WORK INSTRUCTION:
In the entries below, identify every line with the string "lambda" and copy it.

EXTRACTED ENTRIES:
theorem mainTheorem10:
  fixes X U :: "'a::metric_space set" and T \<phi> :: "'a \<Rightarrow> 'a"
  assumes "minimal_cantor_system X T"
    and "clopen_in X U" and "U \<subset> X"
    and "conjugacy \<phi> X T U (induced_map T U)"
  shows "\<forall>k::nat. conjugacy \<phi> ((\<phi> ^^ k) ` X) (induced_map T ((\<phi> ^^ k) ` X))
                          ((\<phi> ^^ Suc k) ` X) (induced_map T ((\<phi> ^^ Suc k) ` X))
              \<and> conjugacy (\<phi> ^^ k) X T ((\<phi> ^^ k) ` X) (induced_map T ((\<phi> ^^ k) ` X))"
proof -
  obtain g where hom: "homeomorphism X X T g" and "cantor_set X"
    and dense: "\<forall>x\<in>X. X \<subseteq> closure (orbit X T x)"
    using assms(1) unfolding minimal_cantor_system_def by blast
  then have "compact X" "X \<noteq> {}"
    by (auto simp: cantor_set_def)
  obtain \<psi> where hom\<phi>: "homeomorphism X U \<phi> \<psi>"
    using assms(4) unfolding conjugacy_def by blast
  have TX: "T ` X \<subseteq> X" and UX: "U \<subseteq> X" and Uo: "openin (top_of_set X) U"
    using hom assms(2,3) by (auto simp: homeomorphism_def clopen_in_def)
  have returns: "\<forall>z\<in>V. \<exists>n>0. (T ^^ n) z \<in> V" if "openin (top_of_set X) V" "V \<noteq> {}" for V
    using minimal_returns_to_open[OF hom dense \<open>compact X\<close> that] openin_imp_subset[OF that(1)] by blast
  note iterate_open = openin_funpow_image_homeomorphism[OF hom\<phi> Uo]
  have "U \<noteq> {}"
    using hom\<phi> \<open>X \<noteq> {}\<close> by (auto simp: homeomorphism_def)
  have step: "conjugacy \<phi> ((\<phi> ^^ k) ` X) (induced_map T ((\<phi> ^^ k) ` X))
                 ((\<phi> ^^ Suc k) ` X) (induced_map T ((\<phi> ^^ Suc k) ` X))" for k
  proof -
    have "(\<phi> ^^ k) ` X \<subseteq> X" "(\<phi> ^^ k) ` X \<noteq> {}"
      using openin_imp_subset[OF iterate_open] \<open>X \<noteq> {}\<close> by auto
    then have "conjugacy \<phi> ((\<phi> ^^ k) ` X) (induced_map T ((\<phi> ^^ k) ` X))
                 (\<phi> ` (\<phi> ^^ k) ` X) (induced_map T (\<phi> ` (\<phi> ^^ k) ` X))"
      using conjugacy_induced[OF assms(4) TX UX returns[OF Uo \<open>U \<noteq> {}\<close>]]
        returns[OF iterate_open] by blast
    then show ?thesis
      by (simp add: image_comp)
  qed
  have "conjugacy (\<phi> ^^ k) X (induced_map T X) ((\<phi> ^^ k) ` X) (induced_map T ((\<phi> ^^ k) ` X))"
    for k
    using conjugacy_iterate[where A = "\<lambda>k. (\<phi> ^^ k) ` X" and S = "\<lambda>k. induced_map T ((\<phi> ^^ k) ` X)",
        OF step] by simp
  then have "conjugacy (\<phi> ^^ k) X T ((\<phi> ^^ k) ` X) (induced_map T ((\<phi> ^^ k) ` X))" for k
    using conjugacy_comp[OF conjugacy_id_induced_whole[OF TX]] by (metis comp_id)
  with step show ?thesis by blast
qed
text \<open>In the paper's notation: \<open>ker(xa) = ker x\<close> and \<open>ran(ax) = ran x\<close>.\<close>
definition sandwich_stable :: "nat \<Rightarrow> (nat \<Rightarrow> nat) \<Rightarrow> (nat \<Rightarrow> nat) \<Rightarrow> bool" where
  "sandwich_stable n a x \<longleftrightarrow> kerT n (a \<circ> x) = kerT n x \<and> x ` ranT n a = ranT n x"

lemma TnI:
  "(\<And>i. i \<in> {1..n} \<Longrightarrow> f i \<in> {1..n}) \<Longrightarrow> (\<And>i. i \<notin> {1..n} \<Longrightarrow> f i = 0) \<Longrightarrow> f \<in> Tn n"
  by (simp add: Tn_def)

lemma Tn_into: "f \<in> Tn n \<Longrightarrow> i \<in> {1..n} \<Longrightarrow> f i \<in> {1..n}"
  by (auto simp: Tn_def)

lemma Tn_outside: "f \<in> Tn n \<Longrightarrow> i \<notin> {1..n} \<Longrightarrow> f i = 0"
  by (auto simp: Tn_def)

lemma Tn_zero: "f \<in> Tn n \<Longrightarrow> f 0 = 0"
  by (simp add: Tn_outside)

lemma Tn_comp: "f \<in> Tn n \<Longrightarrow> g \<in> Tn n \<Longrightarrow> f \<circ> g \<in> Tn n"
  by (auto simp: Tn_def)

lemma ranT_subset: "f \<in> Tn n \<Longrightarrow> ranT n f \<subseteq> {1..n}"
  unfolding ranT_def using Tn_into by blast

lemma ranT_comp: "ranT n (g \<circ> f) = g ` ranT n f"
  by (simp add: ranT_def image_comp)

lemma image_ranT_subset: "a \<in> Tn n \<Longrightarrow> f ` ranT n a \<subseteq> ranT n f"
  using ranT_subset by (fastforce simp: ranT_def)

lemma mem_kerT: "(i, j) \<in> kerT n f \<longleftrightarrow> i \<in> {1..n} \<and> j \<in> {1..n} \<and> f i = f j"
  by (simp add: kerT_def)

lemma kerT_subset_kerT_comp: "kerT n f \<subseteq> kerT n (g \<circ> f)"
  by (auto simp: kerT_def)

lemma kerblocks_eq_image: "kerblocks n f = (\<lambda>j. {i \<in> {1..n}. f i = f j}) ` {1..n}"
  by (auto simp: kerblocks_def)

lemma kerblockI: "j \<in> {1..n} \<Longrightarrow> {i \<in> {1..n}. f i = f j} \<in> kerblocks n f"
  by (simp add: kerblocks_eq_image)

lemma kerblockE:
  assumes "M \<in> kerblocks n f"
  obtains j where "j \<in> {1..n}" "M = {i \<in> {1..n}. f i = f j}"
  using assms by (auto simp: kerblocks_eq_image)

lemma Tn_factors_through_ran_iff:
  assumes "h \<in> Tn n" "x \<in> Tn n"
  shows "(\<exists>s\<in>Tn n. x = h \<circ> s) \<longleftrightarrow> ranT n x \<subseteq> ranT n h"
proof
  assume "\<exists>s\<in>Tn n. x = h \<circ> s"
  then show "ranT n x \<subseteq> ranT n h"
    unfolding ranT_def using Tn_into by fastforce
next
  assume ran: "ranT n x \<subseteq> ranT n h"
  define s where "s i = (if i \<in> {1..n} then inv_into {1..n} h (x i) else 0)" for i
  have x_in: "x i \<in> h ` {1..n}" if "i \<in> {1..n}" for i
    using ran that by (auto simp: ranT_def)
  have "s \<in> Tn n"
    by (rule TnI) (simp_all only: s_def if_True if_False inv_into_into[OF x_in])
  moreover have "x = h \<circ> s"
  proof
    fix i
    show "x i = (h \<circ> s) i"
    proof (cases "i \<in> {1..n}")
      case True
      then show ?thesis
        using f_inv_into_f[OF x_in[OF True]] by (simp add: s_def)
    next
      case False
      then have "s i = 0"
        unfolding s_def by (rule if_not_P)
      then show ?thesis
        by (simp add: Tn_outside[OF assms(2) False] Tn_zero[OF assms(1)])
    qed
  qed
  ultimately show "\<exists>s\<in>Tn n. x = h \<circ> s" by blast
qed

lemma Tn_factors_through_ker_iff:
  assumes "g \<in> Tn n" "x \<in> Tn n"
  shows "(\<exists>s\<in>Tn n. x = s \<circ> g) \<longleftrightarrow> kerT n g \<subseteq> kerT n x"
proof
  assume "\<exists>s\<in>Tn n. x = s \<circ> g"
  then show "kerT n g \<subseteq> kerT n x"
    by (auto simp: kerT_def)
next
  assume ker: "kerT n g \<subseteq> kerT n x"
  define s where "s k = (if k \<in> g ` {1..n} then x (inv_into {1..n} g k)
      else if k \<in> {1..n} then k else 0)" for k
  have ran_g: "g ` {1..n} \<subseteq> {1..n}"
    using Tn_into[OF assms(1)] by blast
  have s_g: "s (g i) = x i" if "i \<in> {1..n}" for i
  proof -
    have "g i \<in> g ` {1..n}" using that by blast
    then have "(inv_into {1..n} g (g i), i) \<in> kerT n g"
      using that inv_into_into[of "g i" g "{1..n}"] f_inv_into_f[of "g i" g "{1..n}"]
      by (simp add: kerT_def)
    then show ?thesis
      using ker \<open>g i \<in> g ` {1..n}\<close> by (auto simp: s_def kerT_def)
  qed
  have "s \<in> Tn n"
  proof (rule TnI)
    fix k assume k: "k \<in> {1..n}"
    show "s k \<in> {1..n}"
    proof (cases "k \<in> g ` {1..n}")
      case True
      then show ?thesis
        using Tn_into[OF assms(2) inv_into_into[OF True]] by (simp add: s_def)
    qed (use k in \<open>simp add: s_def\<close>)
  next
    fix k assume "k \<notin> {1..n}"
    then show "s k = 0"
      using ran_g by (auto simp: s_def)
  qed
  moreover have "x = s \<circ> g"
  proof
    fix i
    show "x i = (s \<circ> g) i"
    proof (cases "i \<in> {1..n}")
      case False
      have "0 \<notin> g ` {1..n}" using ran_g by auto
      then show ?thesis
        using False by (simp add: s_def Tn_outside[OF assms(1)] Tn_outside[OF assms(2)])
    qed (simp add: s_g)
  qed
  ultimately show "\<exists>s\<in>Tn n. x = s \<circ> g" by blast
qed

lemma sandwich_assoc: "sandwich a (sandwich a x y) z = sandwich a x (sandwich a y z)"
  by (simp add: sandwich_def comp_assoc)

lemma sandwich_in_Tn: "a \<in> Tn n \<Longrightarrow> x \<in> Tn n \<Longrightarrow> y \<in> Tn n \<Longrightarrow> sandwich a x y \<in> Tn n"
  by (simp add: sandwich_def Tn_comp)

text \<open>With \<open>I v\<close> the principal ideal \<open>S v\<close> (resp. \<open>v S\<close>), \<open>insert v (I v)\<close> is \<open>S\<^sup>1 v\<close> (resp. \<open>v S\<^sup>1\<close>).\<close>
lemma insert_eq_insert_iff_mutual_mem:
  assumes "\<And>u v. u \<in> I v \<Longrightarrow> I u \<subseteq> I v"
  shows "insert x (I x) = insert y (I y) \<longleftrightarrow> x = y \<or> (x \<in> I y \<and> y \<in> I x)"
proof
  assume eq: "insert x (I x) = insert y (I y)"
  show "x = y \<or> (x \<in> I y \<and> y \<in> I x)"
  proof (cases "x = y")
    case False
    then show ?thesis
      using eq by (metis insertCI insertE)
  qed simp
next
  assume "x = y \<or> (x \<in> I y \<and> y \<in> I x)"
  then show "insert x (I x) = insert y (I y)"
  proof
    assume mem: "x \<in> I y \<and> y \<in> I x"
    then have "I x = I y"
      using assms by (simp add: subset_antisym)
    with mem show ?thesis
      by (simp add: insert_absorb)
  qed simp
qed

lemma greenL_iff:
  assumes "a \<in> Tn n" "x \<in> Tn n" "y \<in> Tn n"
  shows "greenL n a x y \<longleftrightarrow> x = y \<or> (ranT n x \<subseteq> y ` ranT n a \<and> ranT n y \<subseteq> x ` ranT n a)"
proof -
  let ?I = "\<lambda>v. {sandwich a s v | s. s \<in> Tn n}"
  have closed: "?I u \<subseteq> ?I v" if u: "u \<in> ?I v" for u v
  proof
    fix w assume "w \<in> ?I u"
    then obtain t where t: "t \<in> Tn n" "w = sandwich a t u" by blast
    obtain s where s: "s \<in> Tn n" "u = sandwich a s v" using u by blast
    have "w = sandwich a (sandwich a t s) v"
      by (simp add: t(2) s(2) sandwich_assoc)
    then show "w \<in> ?I v"
      using sandwich_in_Tn[OF assms(1) t(1) s(1)] by blast
  qed
  have mem: "u \<in> ?I v \<longleftrightarrow> ranT n u \<subseteq> v ` ranT n a" if "u \<in> Tn n" "v \<in> Tn n" for u v
  proof -
    have "u \<in> ?I v \<longleftrightarrow> (\<exists>s\<in>Tn n. u = (v \<circ> a) \<circ> s)"
      unfolding sandwich_def by blast
    also have "\<dots> \<longleftrightarrow> ranT n u \<subseteq> ranT n (v \<circ> a)"
      by (rule Tn_factors_through_ran_iff[OF Tn_comp[OF that(2) assms(1)] that(1)])
    finally show ?thesis
      by (simp only: ranT_comp)
  qed
  have "greenL n a x y \<longleftrightarrow> x = y \<or> (x \<in> ?I y \<and> y \<in> ?I x)"
    unfolding greenL_def by (rule insert_eq_insert_iff_mutual_mem) (rule closed)
  then show ?thesis
    by (simp only: mem[OF assms(2,3)] mem[OF assms(3,2)])
qed

lemma greenR_iff:
  assumes "a \<in> Tn n" "x \<in> Tn n" "y \<in> Tn n"
  shows "greenR n a x y \<longleftrightarrow> x = y \<or> (kerT n (a \<circ> y) \<subseteq> kerT n x \<and> kerT n (a \<circ> x) \<subseteq> kerT n y)"
proof -
  let ?I = "\<lambda>v. {sandwich a v s | s. s \<in> Tn n}"
  have closed: "?I u \<subseteq> ?I v" if u: "u \<in> ?I v" for u v
  proof
    fix w assume "w \<in> ?I u"
    then obtain t where t: "t \<in> Tn n" "w = sandwich a u t" by blast
    obtain s where s: "s \<in> Tn n" "u = sandwich a v s" using u by blast
    have "w = sandwich a v (sandwich a s t)"
      by (simp add: t(2) s(2) sandwich_assoc)
    then show "w \<in> ?I v"
      using sandwich_in_Tn[OF assms(1) s(1) t(1)] by blast
  qed
  have mem: "u \<in> ?I v \<longleftrightarrow> kerT n (a \<circ> v) \<subseteq> kerT n u" if "u \<in> Tn n" "v \<in> Tn n" for u v
  proof -
    have "u \<in> ?I v \<longleftrightarrow> (\<exists>s\<in>Tn n. u = s \<circ> (a \<circ> v))"
      unfolding sandwich_def comp_assoc by blast
    also have "\<dots> \<longleftrightarrow> kerT n (a \<circ> v) \<subseteq> kerT n u"
      by (rule Tn_factors_through_ker_iff[OF Tn_comp[OF assms(1) that(2)] that(1)])
    finally show ?thesis .
  qed
  have "greenR n a x y \<longleftrightarrow> x = y \<or> (x \<in> ?I y \<and> y \<in> ?I x)"
    unfolding greenR_def by (rule insert_eq_insert_iff_mutual_mem) (rule closed)
  then show ?thesis
    by (simp only: mem[OF assms(2,3)] mem[OF assms(3,2)])
qed

lemma Hclass_iff:
  assumes "a \<in> Tn n" "x \<in> Tn n"
  shows "y \<in> Hclass n a x \<longleftrightarrow> y \<in> Tn n \<and> (y = x \<or>
    ranT n x \<subseteq> y ` ranT n a \<and> ranT n y \<subseteq> x ` ranT n a \<and>
    kerT n (a \<circ> x) \<subseteq> kerT n y \<and> kerT n (a \<circ> y) \<subseteq> kerT n x)"
  using greenL_iff[OF assms] greenR_iff[OF assms] by (auto simp: Hclass_def)

lemma Hclass_nontrivial_member:
  assumes "a \<in> Tn n" "x \<in> Tn n" "y \<in> Hclass n a x" "y \<noteq> x"
  shows "sandwich_stable n a x" "sandwich_stable n a y"
    and "kerT n y = kerT n x" "ranT n y = ranT n x"
proof -
  have y: "y \<in> Tn n"
    and ran: "ranT n x \<subseteq> y ` ranT n a" "ranT n y \<subseteq> x ` ranT n a"
    and ker: "kerT n (a \<circ> x) \<subseteq> kerT n y" "kerT n (a \<circ> y) \<subseteq> kerT n x"
    using assms(3,4) Hclass_iff[OF assms(1,2)] by auto
  have "y ` ranT n a \<subseteq> ranT n y" "x ` ranT n a \<subseteq> ranT n x"
    using image_ranT_subset[OF assms(1)] by auto
  with ran have "y ` ranT n a = ranT n x" "ranT n y = ranT n x" "x ` ranT n a = ranT n x"
    by auto
  moreover have "kerT n y \<subseteq> kerT n (a \<circ> y)" "kerT n x \<subseteq> kerT n (a \<circ> x)"
    by (rule kerT_subset_kerT_comp)+
  with ker have "kerT n (a \<circ> y) = kerT n x" "kerT n y = kerT n x" "kerT n (a \<circ> x) = kerT n x"
    by auto
  ultimately show "sandwich_stable n a x" "sandwich_stable n a y"
    and "kerT n y = kerT n x" "ranT n y = ranT n x"
    by (auto simp: sandwich_stable_def)
qed

lemma sandwich_stable_in_Hclass:
  assumes "a \<in> Tn n" "x \<in> Tn n" "y \<in> Tn n"
    and "sandwich_stable n a x" "sandwich_stable n a y"
    and "kerT n y = kerT n x" "ranT n y = ranT n x"
  shows "y \<in> Hclass n a x"
  using assms Hclass_iff[OF assms(1,2)] by (simp add: sandwich_stable_def)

OUTPUT OF THE TASK:
    using conjugacy_iterate[where A = "\<lambda>k. (\<phi> ^^ k) ` X" and S = "\<lambda>k. induced_map T ((\<phi> ^^ k) ` X)",
lemma kerblocks_eq_image: "kerblocks n f = (\<lambda>j. {i \<in> {1..n}. f i = f j}) ` {1..n}"
  let ?I = "\<lambda>v. {sandwich a s v | s. s \<in> Tn n}"
  let ?I = "\<lambda>v. {sandwich a v s | s. s \<in> Tn n}"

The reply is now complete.